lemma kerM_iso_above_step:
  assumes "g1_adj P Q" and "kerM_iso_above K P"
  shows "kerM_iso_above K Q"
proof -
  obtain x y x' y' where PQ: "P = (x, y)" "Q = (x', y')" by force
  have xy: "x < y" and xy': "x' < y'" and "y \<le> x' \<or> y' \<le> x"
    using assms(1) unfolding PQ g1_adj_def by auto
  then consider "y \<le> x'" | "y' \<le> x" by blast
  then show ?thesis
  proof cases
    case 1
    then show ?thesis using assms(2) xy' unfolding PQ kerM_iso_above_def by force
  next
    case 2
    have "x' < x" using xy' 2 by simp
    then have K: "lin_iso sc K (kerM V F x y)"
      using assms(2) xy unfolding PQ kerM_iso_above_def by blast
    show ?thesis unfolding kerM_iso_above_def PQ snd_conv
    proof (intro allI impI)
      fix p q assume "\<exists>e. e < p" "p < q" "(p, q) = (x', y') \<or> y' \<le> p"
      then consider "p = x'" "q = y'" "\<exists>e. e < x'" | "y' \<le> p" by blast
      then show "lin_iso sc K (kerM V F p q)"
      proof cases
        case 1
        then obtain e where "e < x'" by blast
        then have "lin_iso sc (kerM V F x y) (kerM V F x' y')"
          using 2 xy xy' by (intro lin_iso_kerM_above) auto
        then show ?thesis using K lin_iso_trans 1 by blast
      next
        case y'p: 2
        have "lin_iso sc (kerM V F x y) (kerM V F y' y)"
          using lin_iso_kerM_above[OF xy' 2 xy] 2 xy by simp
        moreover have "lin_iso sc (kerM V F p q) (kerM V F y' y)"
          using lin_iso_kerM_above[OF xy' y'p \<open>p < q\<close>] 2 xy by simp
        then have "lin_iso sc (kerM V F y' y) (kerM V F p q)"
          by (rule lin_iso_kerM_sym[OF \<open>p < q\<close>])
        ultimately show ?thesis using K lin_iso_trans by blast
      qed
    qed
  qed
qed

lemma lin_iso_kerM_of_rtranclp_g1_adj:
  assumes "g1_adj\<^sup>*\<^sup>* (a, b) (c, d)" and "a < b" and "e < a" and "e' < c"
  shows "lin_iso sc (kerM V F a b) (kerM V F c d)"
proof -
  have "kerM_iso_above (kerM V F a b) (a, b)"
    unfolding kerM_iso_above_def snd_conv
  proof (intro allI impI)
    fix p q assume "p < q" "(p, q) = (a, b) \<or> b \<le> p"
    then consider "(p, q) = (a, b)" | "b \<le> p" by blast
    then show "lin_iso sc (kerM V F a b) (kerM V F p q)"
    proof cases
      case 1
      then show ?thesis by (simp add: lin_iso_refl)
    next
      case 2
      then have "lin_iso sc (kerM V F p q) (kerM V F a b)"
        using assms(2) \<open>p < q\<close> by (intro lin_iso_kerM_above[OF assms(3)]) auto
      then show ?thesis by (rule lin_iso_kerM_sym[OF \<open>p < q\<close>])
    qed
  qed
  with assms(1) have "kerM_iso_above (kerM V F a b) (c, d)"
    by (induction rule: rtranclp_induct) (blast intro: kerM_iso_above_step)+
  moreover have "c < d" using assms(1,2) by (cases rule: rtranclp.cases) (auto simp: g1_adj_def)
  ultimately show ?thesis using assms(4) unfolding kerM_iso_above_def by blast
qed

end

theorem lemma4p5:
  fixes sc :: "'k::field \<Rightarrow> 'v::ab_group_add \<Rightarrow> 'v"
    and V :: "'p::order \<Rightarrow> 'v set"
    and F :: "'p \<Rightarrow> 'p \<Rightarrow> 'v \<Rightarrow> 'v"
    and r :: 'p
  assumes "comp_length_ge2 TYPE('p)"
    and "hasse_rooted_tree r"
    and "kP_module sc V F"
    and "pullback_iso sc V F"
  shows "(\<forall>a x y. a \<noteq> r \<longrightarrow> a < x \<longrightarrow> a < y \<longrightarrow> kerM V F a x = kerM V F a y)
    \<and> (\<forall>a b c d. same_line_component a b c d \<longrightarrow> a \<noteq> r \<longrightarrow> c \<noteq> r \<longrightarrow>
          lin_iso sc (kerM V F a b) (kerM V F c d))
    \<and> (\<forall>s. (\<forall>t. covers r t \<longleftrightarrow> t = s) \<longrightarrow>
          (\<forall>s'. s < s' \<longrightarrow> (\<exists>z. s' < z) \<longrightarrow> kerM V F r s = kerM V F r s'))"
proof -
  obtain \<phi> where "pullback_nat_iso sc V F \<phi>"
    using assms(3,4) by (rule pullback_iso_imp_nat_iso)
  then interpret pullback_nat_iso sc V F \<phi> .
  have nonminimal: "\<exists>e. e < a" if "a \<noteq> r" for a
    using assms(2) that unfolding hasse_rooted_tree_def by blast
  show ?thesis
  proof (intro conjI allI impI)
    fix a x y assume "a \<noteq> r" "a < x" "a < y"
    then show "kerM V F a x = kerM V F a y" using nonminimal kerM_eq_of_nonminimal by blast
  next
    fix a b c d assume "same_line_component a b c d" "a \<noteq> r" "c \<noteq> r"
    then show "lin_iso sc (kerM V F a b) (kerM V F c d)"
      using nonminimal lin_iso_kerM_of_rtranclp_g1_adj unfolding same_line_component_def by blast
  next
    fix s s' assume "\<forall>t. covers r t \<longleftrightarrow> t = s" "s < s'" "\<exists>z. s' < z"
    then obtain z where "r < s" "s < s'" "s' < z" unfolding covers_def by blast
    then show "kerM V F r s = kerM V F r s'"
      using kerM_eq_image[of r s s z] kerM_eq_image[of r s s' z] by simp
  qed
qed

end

# # # # #

Extract from the records above the lines from the one containing "then show ?thesis by (simp" to the one containing "(kerM V F c d))", both lines included, exactly as they appear and with nothing else.

      then show ?thesis by (simp add: lin_iso_refl)
    next
      case 2
      then have "lin_iso sc (kerM V F p q) (kerM V F a b)"
        using assms(2) \<open>p < q\<close> by (intro lin_iso_kerM_above[OF assms(3)]) auto
      then show ?thesis by (rule lin_iso_kerM_sym[OF \<open>p < q\<close>])
    qed
  qed
  with assms(1) have "kerM_iso_above (kerM V F a b) (c, d)"
    by (induction rule: rtranclp_induct) (blast intro: kerM_iso_above_step)+
  moreover have "c < d" using assms(1,2) by (cases rule: rtranclp.cases) (auto simp: g1_adj_def)
  ultimately show ?thesis using assms(4) unfolding kerM_iso_above_def by blast
qed

end

theorem lemma4p5:
  fixes sc :: "'k::field \<Rightarrow> 'v::ab_group_add \<Rightarrow> 'v"
    and V :: "'p::order \<Rightarrow> 'v set"
    and F :: "'p \<Rightarrow> 'p \<Rightarrow> 'v \<Rightarrow> 'v"
    and r :: 'p
  assumes "comp_length_ge2 TYPE('p)"
    and "hasse_rooted_tree r"
    and "kP_module sc V F"
    and "pullback_iso sc V F"
  shows "(\<forall>a x y. a \<noteq> r \<longrightarrow> a < x \<longrightarrow> a < y \<longrightarrow> kerM V F a x = kerM V F a y)
    \<and> (\<forall>a b c d. same_line_component a b c d \<longrightarrow> a \<noteq> r \<longrightarrow> c \<noteq> r \<longrightarrow>
          lin_iso sc (kerM V F a b) (kerM V F c d))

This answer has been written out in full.